WORK TO BE COMPLETED: Below are some entries. Copy each line in them that holds "exists".

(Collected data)
----
text \<open>The fixed parameters of MERL together with the index i0 of the true environment;
  only the hypotheses of the theorem that the argument uses are assumed.\<close>
locale merl_setting =
  fixes rew :: "'r::finite \<Rightarrow> real"
    and env :: "nat \<Rightarrow> ('a::finite, 'o::finite, 'r) env"
    and opt :: "nat \<Rightarrow> ('a, 'o, 'r) policy"
    and tb :: "('a, 'o, 'r) hist \<Rightarrow> nat set \<Rightarrow> nat \<times> nat \<times> nat"
    and \<gamma> \<epsilon> \<delta> :: real
    and N i0 :: nat
  assumes rew_bounds: "\<forall>x. 0 \<le> rew x \<and> rew x \<le> 1"
    and \<gamma>_pos: "0 < \<gamma>" and \<gamma>_lt_1: "\<gamma> < 1"
    and \<epsilon>_pos: "0 < \<epsilon>" and \<epsilon>_le_1: "\<epsilon> \<le> 1"
    and \<delta>_pos: "0 < \<delta>" and \<delta>_lt_1: "\<delta> < 1"
    and tiebreak: "valid_tiebreak rew \<gamma> \<epsilon> N env opt tb"
    and i0_lt_N: "i0 < N"
begin

abbreviation "d \<equiv> merl_d \<gamma> \<epsilon>"
abbreviation "run \<equiv> merl_run rew \<gamma> \<epsilon> \<delta> N env opt tb"
abbreviation "step \<equiv> merl_step rew \<gamma> \<epsilon> \<delta> N env opt tb"
abbreviation "pol \<equiv> merl_policy rew \<gamma> \<epsilon> \<delta> N env opt tb"
abbreviation "decide \<equiv> merl_decide rew \<gamma> \<epsilon> env opt tb"
abbreviation "finalize \<equiv> merl_finalize \<gamma> \<epsilon> \<delta> N"
abbreviation "advance \<equiv> merl_advance rew \<gamma> \<epsilon> \<delta> N"

lemma run_Nil: "run [] = merl_init N"
  by (simp add: merl_run_def)

lemma run_snoc: "run (h @ [x]) = step (run h) h x"
proof -
  let ?F = "\<lambda>(s, hp) x. (step s hp x, hp @ [x])"
  have "snd (foldl ?F (s0, hp0) h) = hp0 @ h" for s0 hp0
    by (induction h arbitrary: s0 hp0) auto
  then have run_fold: "foldl ?F (merl_init N, []) h = (run h, h)"
    unfolding merl_run_def by (simp add: prod_eq_iff)
  have "run (h @ [x]) = fst (?F (foldl ?F (merl_init N, []) h) x)"
    by (simp add: merl_run_def)
  also have "\<dots> = step (run h) h x" by (simp add: run_fold)
  finally show ?thesis .
qed
lemma sigmoid_net_approximable_exp_sums:
  fixes s :: "real \<Rightarrow> real"
  assumes "bounded (range s)" and "mono s" and "\<not> (\<exists>a. \<forall>x. s x = a)" and "bounded S"
  shows "f \<in> exp_sums \<Longrightarrow> net_approximable s S f"
proof (induction f rule: exp_sums.induct)
  case (exp_sums_exp a w)
  show ?case
    using sigmoid_net_approximable_ridge[OF assms continuous_on_exp[OF continuous_on_id]]
    by (rule net_approximable_cmult)
next
  case (exp_sums_add f g)
  from exp_sums_add.IH show ?case
    by (rule net_approximable_add)
qed

lemma sigmoid_net_approximable:
  fixes s :: "real \<Rightarrow> real" and S :: "'a::real_inner set"
  assumes s: "bounded (range s)" "mono s" "\<not> (\<exists>a. \<forall>x. s x = a)"
    and "compact S" and f: "continuous_on S f"
  shows "net_approximable s S f"
proof -
  interpret function_ring_on exp_sums S
  proof
    show "compact S" by fact
    show "continuous_on S f" if "f \<in> exp_sums" for f
      using that by (rule exp_sums_continuous_on)
    show "(\<lambda>x. f x + g x) \<in> exp_sums" if "f \<in> exp_sums" "g \<in> exp_sums" for f g
      using that by (rule exp_sums_add)
    show "(\<lambda>x. f x * g x) \<in> exp_sums" if "f \<in> exp_sums" "g \<in> exp_sums" for f g
      using that by (rule exp_sums_mult)
    show "(\<lambda>_. c) \<in> exp_sums" for c
      using exp_sums_exp[of c 0] by simp
    show "\<exists>f\<in>exp_sums. f x \<noteq> f y" if "x \<noteq> y" for x y :: 'a
    proof
      have "0 < (x - y) \<bullet> (x - y)"
        using that by simp
      then have "(x - y) \<bullet> y < (x - y) \<bullet> x"
        by (simp add: inner_diff_right)
      then show "exp ((x - y) \<bullet> x) \<noteq> exp ((x - y) \<bullet> y)"
        by simp
    qed (rule exp_sums_exp[of 1, simplified])
  qed
  show ?thesis
  proof (rule net_approximable_uniform_limit)
    fix \<epsilon> :: real assume "\<epsilon> > 0"
    then obtain g where "g \<in> exp_sums" and "\<forall>x\<in>S. \<bar>f x - g x\<bar> < \<epsilon>"
      using Stone_Weierstrass_basic[OF f] by blast
    moreover have "net_approximable s S g"
      using \<open>g \<in> exp_sums\<close>
      by (rule sigmoid_net_approximable_exp_sums[OF s compact_imp_bounded[OF \<open>compact S\<close>]])
    ultimately show "\<exists>f'. net_approximable s S f' \<and> (\<forall>x\<in>S. \<bar>f x - f' x\<bar> < \<epsilon>)"
      by blast
  qed
qed
(* Let $k$ be a positive integer with $k\equiv0\pmod4$. Then $\Bbbk_{-1}[u,v]^{G_{1,k}}\cong\Bbbk[u,v]^{\frac1{2k}(1,k+1)}$; in particular it is a commutative cyclic quotient singularity.
   Context: $\Bbbk$ is algebraically closed of characteristic $0$; $\Bbbk_{-1}[u,v]=\Bbbk\langle u,v\rangle/(vu+uv)$; matrices $\begin{pmatrix}a&b\\c&d\end{pmatrix}$ act by $u\mapsto au+cv$, $v\mapsto bu+dv$. $G_{n,k}$ is generated by $\mathrm{diag}(\omega^{2k},\omega^{-2k})$ and $\begin{pmatrix}0&\omega^n\\\omega^n&0\end{pmatrix}$ for $\omega$ a primitive $(2nk)$th root of unity (so $G_{1,k}$ is cyclic, generated by the antidiagonal matrix with entries a primitive $2k$th root of unity). $\frac1m(1,b)$ is the cyclic group generated by $\mathrm{diag}(\omega_m,\omega_m^b)$ acting on the commutative polynomial ring $\Bbbk[u,v]$. *)

theory Defs
  imports "HOL-Library.Poly_Mapping" "HOL-Computational_Algebra.Polynomial"
begin

text \<open>Polynomials in two variables u, v over a field: the element u^i v^j is the
  basis vector indexed by (i,j) (ordered monomials).  Elements are finitely
  supported coefficient functions.\<close>

type_synonym 'k bipoly = "(nat \<times> nat) \<Rightarrow>\<^sub>0 'k"

definition algebraically_closed :: "'k::field itself \<Rightarrow> bool" where
  "algebraically_closed _ \<longleftrightarrow> (\<forall>p::'k poly. degree p > 0 \<longrightarrow> (\<exists>x. poly p x = 0))"

definition bscal :: "'k::field \<Rightarrow> 'k bipoly \<Rightarrow> 'k bipoly" where
  "bscal c p = Poly_Mapping.map (\<lambda>x. c * x) p"

definition bone :: "'k::field bipoly" where "bone = Poly_Mapping.single (0,0) 1"
definition var_u :: "'k::field bipoly" where "var_u = Poly_Mapping.single (1,0) 1"
definition var_v :: "'k::field bipoly" where "var_v = Poly_Mapping.single (0,1) 1"

text \<open>Multiplication in the skew polynomial ring k_{-1}[u,v] = k<u,v>/(vu+uv):
  (u^i v^j)(u^a v^b) = (-1)^(j a) u^(i+a) v^(j+b).\<close>
definition skew_mult :: "'k::field bipoly \<Rightarrow> 'k bipoly \<Rightarrow> 'k bipoly" where
  "skew_mult p q = (\<Sum>(i,j)\<in>Poly_Mapping.keys p. \<Sum>(a,b)\<in>Poly_Mapping.keys q.
      Poly_Mapping.single (i+a, j+b) ((-1)^(j*a) * Poly_Mapping.lookup p (i,j) * Poly_Mapping.lookup q (a,b)))"

definition comm_mult :: "'k::field bipoly \<Rightarrow> 'k bipoly \<Rightarrow> 'k bipoly" where
  "comm_mult p q = (\<Sum>(i,j)\<in>Poly_Mapping.keys p. \<Sum>(a,b)\<in>Poly_Mapping.keys q.
      Poly_Mapping.single (i+a, j+b) (Poly_Mapping.lookup p (i,j) * Poly_Mapping.lookup q (a,b)))"

definition mpower :: "('k bipoly \<Rightarrow> 'k bipoly \<Rightarrow> 'k bipoly) \<Rightarrow> 'k::field bipoly \<Rightarrow> nat \<Rightarrow> 'k bipoly" where
  "mpower M x n = ((M x) ^^ n) bone"

text \<open>2x2 matrices (a,b,c,d) = [[a,b],[c,d]].\<close>
type_synonym 'k mat2 = "'k \<times> 'k \<times> 'k \<times> 'k"

definition mat2_mult :: "'k::field mat2 \<Rightarrow> 'k mat2 \<Rightarrow> 'k mat2" where
  "mat2_mult X Y = (case X of (a,b,c,d) \<Rightarrow> case Y of (e,f,g,h) \<Rightarrow>
      (a*e + b*g, a*f + b*h, c*e + d*g, c*f + d*h))"

definition mat2_pow :: "'k::field mat2 \<Rightarrow> nat \<Rightarrow> 'k mat2" where
  "mat2_pow X n = ((mat2_mult X) ^^ n) (1,0,0,1)"

definition mat_act :: "('k bipoly \<Rightarrow> 'k bipoly \<Rightarrow> 'k bipoly) \<Rightarrow> 'k::field mat2 \<Rightarrow> 'k bipoly \<Rightarrow> 'k bipoly" where
  "mat_act M X f = (case X of (a,b,c,d) \<Rightarrow>
     (let U = bscal a var_u + bscal c var_v; V = bscal b var_u + bscal d var_v in
      \<Sum>(i,j)\<in>Poly_Mapping.keys f. bscal (Poly_Mapping.lookup f (i,j)) (M (mpower M U i) (mpower M V j))))"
----
PROBLEM SOLUTION:
  assumes "bounded (range s)" and "mono s" and "\<not> (\<exists>a. \<forall>x. s x = a)" and "bounded S"
  assumes s: "bounded (range s)" "mono s" "\<not> (\<exists>a. \<forall>x. s x = a)"
    show "\<exists>f\<in>exp_sums. f x \<noteq> f y" if "x \<noteq> y" for x y :: 'a
    ultimately show "\<exists>f'. net_approximable s S f' \<and> (\<forall>x\<in>S. \<bar>f x - f' x\<bar> < \<epsilon>)"
  "algebraically_closed _ \<longleftrightarrow> (\<forall>p::'k poly. degree p > 0 \<longrightarrow> (\<exists>x. poly p x = 0))"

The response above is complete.